lemma coordinate_pair_has_real_derivative:
  fixes q :: "real^'i"
  assumes "i \<noteq> j" "smooth_on W G" "(q $ i, q $ j) \<in> W"
  shows "((\<lambda>t. G ((q + t *\<^sub>R axis k 1) $ i, (q + t *\<^sub>R axis k 1) $ j)) has_real_derivative
           pdv (axis_pair i j k) G (q $ i, q $ j)) (at 0)"
  unfolding coordinate_pair_along_axis
proof (cases "axis_pair i j k = 0")
  case True
  then show "((\<lambda>t. G ((q $ i, q $ j) + t *\<^sub>R axis_pair i j k)) has_real_derivative
           pdv (axis_pair i j k) G (q $ i, q $ j)) (at 0)"
    by simp
next
  case False
  then have "axis_pair i j k \<in> Basis" using axis_pair_Basis_or_zero[OF assms(1)] by blast
  then show "((\<lambda>t. G ((q $ i, q $ j) + t *\<^sub>R axis_pair i j k)) has_real_derivative
           pdv (axis_pair i j k) G (q $ i, q $ j)) (at 0)"
    using smooth_on_line_differentiable[OF assms(2) _ assms(3)] by (blast intro: pdv_has_real_derivative)
qed

lemma smooth_upto_0_coordinate_pair:
  fixes U :: "(real^'i) set"
  assumes "i \<noteq> j" "\<forall>q\<in>U. (q $ i, q $ j) \<in> W" and G: "smooth_upto 0 W G"
  shows "smooth_upto 0 U (\<lambda>q. G (q $ i, q $ j))"
  unfolding smooth_upto_0
proof (intro conjI ballI)
  show "continuous_on U (\<lambda>q. G (q $ i, q $ j))"
    using assms G unfolding smooth_upto_0
    by (intro continuous_on_compose2[of W G U "\<lambda>q. (q $ i, q $ j)"]) (auto intro!: continuous_intros)
  fix b q :: "real^'i" assume "b \<in> Basis" "q \<in> U"
  then obtain k where b: "b = axis k 1" by (auto elim: Basis_vec_obtain_axis)
  have "(\<lambda>t. G ((q $ i, q $ j) + t *\<^sub>R axis_pair i j k)) differentiable (at 0)"
  proof (cases "axis_pair i j k = 0")
    case False
    then have "axis_pair i j k \<in> Basis" using axis_pair_Basis_or_zero[OF assms(1)] by blast
    then show ?thesis using assms(2) G \<open>q \<in> U\<close> unfolding smooth_upto_0 by blast
  qed simp
  then show "(\<lambda>t. G ((q + t *\<^sub>R b) $ i, (q + t *\<^sub>R b) $ j)) differentiable (at 0)"
    unfolding b coordinate_pair_along_axis .
qed

lemma smooth_upto_coordinate_pair:
  fixes U :: "(real^'i) set"
  assumes "i \<noteq> j" "\<forall>q\<in>U. (q $ i, q $ j) \<in> W"
  shows "smooth_upto n W G \<Longrightarrow> smooth_upto n U (\<lambda>q. G (q $ i, q $ j))"
proof (induction n arbitrary: G)
  case 0
  then show ?case by (rule smooth_upto_0_coordinate_pair[OF assms])
next
  case (Suc n)
  have "smooth_upto n U (pdv b (\<lambda>q. G (q $ i, q $ j)))" if "b \<in> Basis" for b
  proof -
    obtain k where b: "b = axis k 1" using \<open>b \<in> Basis\<close> by (rule Basis_vec_obtain_axis)
    have "pdv b (\<lambda>q. G (q $ i, q $ j)) = (\<lambda>q. pdv (axis_pair i j k) G (q $ i, q $ j))"
      using cpd_coordinate_pair[of k G i j] unfolding b cpd_def by blast
    moreover have "smooth_upto n U (\<lambda>q. pdv (axis_pair i j k) G (q $ i, q $ j))"
    proof (cases "axis_pair i j k = 0")
      case True
      then show ?thesis by (simp add: smooth_upto_const)
    next
      case False
      then have "smooth_upto n W (pdv (axis_pair i j k) G)"
        using axis_pair_Basis_or_zero[OF assms(1), of k] Suc.prems unfolding smooth_upto_Suc by blast
      then show ?thesis by (rule Suc.IH)
    qed
    ultimately show ?thesis by simp
  qed
  moreover have "smooth_upto 0 U (\<lambda>q. G (q $ i, q $ j))"
    using Suc.prems unfolding smooth_upto_Suc by (blast intro: smooth_upto_0_coordinate_pair[OF assms])
  ultimately show ?case unfolding smooth_upto_Suc by blast
qed

lemma smooth_on_coordinate_pair:
  fixes U :: "(real^'i) set"
  assumes "i \<noteq> j" "open U" "smooth_on W G" "\<forall>q\<in>U. (q $ i, q $ j) \<in> W"
  shows "smooth_on U (\<lambda>q. G (q $ i, q $ j))"
  using assms smooth_upto_coordinate_pair[OF assms(1,4)] unfolding smooth_on_iff_smooth_upto by blast

lemma constant_along_axis:
  fixes \<psi> :: "real^'i \<Rightarrow> real"
  assumes seg: "\<forall>t\<in>{-\<bar>d\<bar>..\<bar>d\<bar>}. y + t *\<^sub>R axis k 1 \<in> U"
    and D: "\<forall>z\<in>U. ((\<lambda>t. \<psi> (z + t *\<^sub>R axis k 1)) has_real_derivative 0) (at 0)"
  shows "\<psi> (y + d *\<^sub>R axis k 1) = \<psi> y"
proof -
  define G where "G t = \<psi> (y + t *\<^sub>R axis k 1)" for t
  have "\<exists>c. \<forall>t\<in>{-\<bar>d\<bar>..\<bar>d\<bar>}. G t = c"
  proof (rule has_field_derivative_zero_constant)
    fix t assume t: "t \<in> {-\<bar>d\<bar>..\<bar>d\<bar>}"
    have "(\<lambda>s. \<psi> ((y + t *\<^sub>R axis k 1) + s *\<^sub>R axis k 1)) = (\<lambda>s. G (s + t))"
      unfolding G_def by (simp add: algebra_simps)
    moreover have "y + t *\<^sub>R axis k 1 \<in> U" using seg t by blast
    ultimately have "((\<lambda>s. G (s + t)) has_real_derivative 0) (at 0)"
      using D by fastforce
    then have "(G has_real_derivative 0) (at t)"
      using DERIV_shift[of G 0 0 t] by simp
    then show "(G has_real_derivative 0) (at t within {-\<bar>d\<bar>..\<bar>d\<bar>})"
      by (rule has_field_derivative_at_within)
  qed simp
  then obtain c where "\<forall>t\<in>{-\<bar>d\<bar>..\<bar>d\<bar>}. G t = c" by blast
  moreover have "d \<in> {-\<bar>d\<bar>..\<bar>d\<bar>}" "0 \<in> {-\<bar>d\<bar>..\<bar>d\<bar>}" by auto
  ultimately have "G d = G 0" by simp
  then show ?thesis unfolding G_def by simp
qed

· · · · ·

__REQUIREMENT__:
Look back at the entries above and repeat, unchanged, every line from the line holding "using cpd_coordinate_pair[of k" through the line holding "W (pdv (axis_pair".

__ANSWER TO THE PROBLEM__:
      using cpd_coordinate_pair[of k G i j] unfolding b cpd_def by blast
    moreover have "smooth_upto n U (\<lambda>q. pdv (axis_pair i j k) G (q $ i, q $ j))"
    proof (cases "axis_pair i j k = 0")
      case True
      then show ?thesis by (simp add: smooth_upto_const)
    next
      case False
      then have "smooth_upto n W (pdv (axis_pair i j k) G)"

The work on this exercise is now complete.